■ Task details ■
Output every record precisely.

_ _ _ _ _ _ _

(* Let $\epsilon>0$ and $\mathcal E\in\{\mathrm{Lv},\mathrm{ShG}\}$. For all $t\ge0$, $\mathrm{Hess}\,v^{\mathcal E_\epsilon}_t\ge0$ (as a quadratic form on $X_\epsilon$ at every point); in particular $v^{\mathcal E_\epsilon}_t$ is convex.
   Context: Fix $m>0$, $\lambda>0$, $\beta>0$. $\Omega=\mathbb R^2/\mathbb Z^2$; for $\epsilon>0$ with $1/\epsilon\in\mathbb N$, $\Omega_\epsilon=\Omega\cap\epsilon\mathbb Z^2$, $X_\epsilon=\mathbb R^{\Omega_\epsilon}$, $\int_{\Omega_\epsilon}f\,dx=\epsilon^2\sum_{x\in\Omega_\epsilon}f(x)$. $(\Delta^\epsilon f)(x)=\epsilon^{-2}\sum_{y\sim x}(f(y)-f(x))$; $c^\epsilon_t=(-\Delta^\epsilon+m^2+1/t)^{-1}$ for $t\in(0,\infty)$ (as an operator w.r.t. inner product $\int_{\Omega_\epsilon}fg\,dx$), $c^\epsilon_0=0$. $\mathbf E_c$: expectation over a centred Gaussian $\zeta$ on $X_\epsilon$ with covariance $c$. $V^{\mathrm{Lv}}(s)=e^{\sqrt\beta s}$, $V^{\mathrm{ShG}}(s)=\cosh(\sqrt\beta s)$; $v_0^{\mathcal E_\epsilon}(\phi)=\lambda\int_{\Omega_\epsilon}\epsilon^{\beta/4\pi}V^{\mathcal E}(\phi_x)dx$; $e^{-v^{\mathcal E_\epsilon}_t(\phi)}=\mathbf E_{c^\epsilon_t}[e^{-v_0^{\mathcal E_\epsilon}(\phi+\zeta)}]$. *)

theory Defs
  imports "HOL-Analysis.Analysis"
begin

text \<open>Lattice torus with spacing eps = 1/N (N a positive natural number).
  Sites are pairs (i,j) with i,j < N; fields are functions (nat * nat) => real,
  only their values on the sites matter.\<close>

type_synonym site = "nat \<times> nat"
type_synonym field = "site \<Rightarrow> real"

definition sites :: "nat \<Rightarrow> site set" where
  "sites N = {0..<N} \<times> {0..<N}"

definition nbrs :: "nat \<Rightarrow> site \<Rightarrow> site list" where
  "nbrs N x = [((fst x + 1) mod N, snd x), ((fst x + N - 1) mod N, snd x),
               (fst x, (snd x + 1) mod N), (fst x, (snd x + N - 1) mod N)]"

definition lat_int :: "nat \<Rightarrow> field \<Rightarrow> real" where
  "lat_int N f = (1 / real N)^2 * (\<Sum>x\<in>sites N. f x)"

definition lap :: "nat \<Rightarrow> field \<Rightarrow> field" where
  "lap N f x = (real N)^2 * (\<Sum>y\<leftarrow>nbrs N x. f y - f x)"

text \<open>Quadratic form of the precision operator (c_t)^(-1) = -Lap + m^2 + 1/t
  with respect to the inner product lat_int.\<close>
definition prec_form :: "nat \<Rightarrow> real \<Rightarrow> real \<Rightarrow> field \<Rightarrow> real" where
  "prec_form N m t \<zeta> = lat_int N (\<lambda>x. \<zeta> x * (- lap N \<zeta> x + (m^2 + 1/t) * \<zeta> x))"

text \<open>Expectation over the centred Gaussian field on X_eps with covariance c_t
  (w.r.t. the inner product lat_int); for t = 0 the covariance is 0 (point mass at 0).\<close>
definition gauss_exp :: "nat \<Rightarrow> real \<Rightarrow> real \<Rightarrow> (field \<Rightarrow> real) \<Rightarrow> real" where
  "gauss_exp N m t F =
     (if t = 0 then F (\<lambda>_. 0)
      else (\<integral>\<zeta>. F \<zeta> * exp (- prec_form N m t \<zeta> / 2) \<partial>(PiM (sites N) (\<lambda>_. lborel)))
         / (\<integral>\<zeta>. exp (- prec_form N m t \<zeta> / 2) \<partial>(PiM (sites N) (\<lambda>_. lborel))))"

_ _ _ _ _ _ _

■ Response below ■
(* Let $\epsilon>0$ and $\mathcal E\in\{\mathrm{Lv},\mathrm{ShG}\}$. For all $t\ge0$, $\mathrm{Hess}\,v^{\mathcal E_\epsilon}_t\ge0$ (as a quadratic form on $X_\epsilon$ at every point); in particular $v^{\mathcal E_\epsilon}_t$ is convex.
   Context: Fix $m>0$, $\lambda>0$, $\beta>0$. $\Omega=\mathbb R^2/\mathbb Z^2$; for $\epsilon>0$ with $1/\epsilon\in\mathbb N$, $\Omega_\epsilon=\Omega\cap\epsilon\mathbb Z^2$, $X_\epsilon=\mathbb R^{\Omega_\epsilon}$, $\int_{\Omega_\epsilon}f\,dx=\epsilon^2\sum_{x\in\Omega_\epsilon}f(x)$. $(\Delta^\epsilon f)(x)=\epsilon^{-2}\sum_{y\sim x}(f(y)-f(x))$; $c^\epsilon_t=(-\Delta^\epsilon+m^2+1/t)^{-1}$ for $t\in(0,\infty)$ (as an operator w.r.t. inner product $\int_{\Omega_\epsilon}fg\,dx$), $c^\epsilon_0=0$. $\mathbf E_c$: expectation over a centred Gaussian $\zeta$ on $X_\epsilon$ with covariance $c$. $V^{\mathrm{Lv}}(s)=e^{\sqrt\beta s}$, $V^{\mathrm{ShG}}(s)=\cosh(\sqrt\beta s)$; $v_0^{\mathcal E_\epsilon}(\phi)=\lambda\int_{\Omega_\epsilon}\epsilon^{\beta/4\pi}V^{\mathcal E}(\phi_x)dx$; $e^{-v^{\mathcal E_\epsilon}_t(\phi)}=\mathbf E_{c^\epsilon_t}[e^{-v_0^{\mathcal E_\epsilon}(\phi+\zeta)}]$. *)

theory Defs
  imports "HOL-Analysis.Analysis"
begin

text \<open>Lattice torus with spacing eps = 1/N (N a positive natural number).
  Sites are pairs (i,j) with i,j < N; fields are functions (nat * nat) => real,
  only their values on the sites matter.\<close>

type_synonym site = "nat \<times> nat"
type_synonym field = "site \<Rightarrow> real"

definition sites :: "nat \<Rightarrow> site set" where
  "sites N = {0..<N} \<times> {0..<N}"

definition nbrs :: "nat \<Rightarrow> site \<Rightarrow> site list" where
  "nbrs N x = [((fst x + 1) mod N, snd x), ((fst x + N - 1) mod N, snd x),
               (fst x, (snd x + 1) mod N), (fst x, (snd x + N - 1) mod N)]"

definition lat_int :: "nat \<Rightarrow> field \<Rightarrow> real" where
  "lat_int N f = (1 / real N)^2 * (\<Sum>x\<in>sites N. f x)"

definition lap :: "nat \<Rightarrow> field \<Rightarrow> field" where
  "lap N f x = (real N)^2 * (\<Sum>y\<leftarrow>nbrs N x. f y - f x)"

text \<open>Quadratic form of the precision operator (c_t)^(-1) = -Lap + m^2 + 1/t
  with respect to the inner product lat_int.\<close>
definition prec_form :: "nat \<Rightarrow> real \<Rightarrow> real \<Rightarrow> field \<Rightarrow> real" where
  "prec_form N m t \<zeta> = lat_int N (\<lambda>x. \<zeta> x * (- lap N \<zeta> x + (m^2 + 1/t) * \<zeta> x))"

text \<open>Expectation over the centred Gaussian field on X_eps with covariance c_t
  (w.r.t. the inner product lat_int); for t = 0 the covariance is 0 (point mass at 0).\<close>
definition gauss_exp :: "nat \<Rightarrow> real \<Rightarrow> real \<Rightarrow> (field \<Rightarrow> real) \<Rightarrow> real" where
  "gauss_exp N m t F =
     (if t = 0 then F (\<lambda>_. 0)
      else (\<integral>\<zeta>. F \<zeta> * exp (- prec_form N m t \<zeta> / 2) \<partial>(PiM (sites N) (\<lambda>_. lborel)))
         / (\<integral>\<zeta>. exp (- prec_form N m t \<zeta> / 2) \<partial>(PiM (sites N) (\<lambda>_. lborel))))"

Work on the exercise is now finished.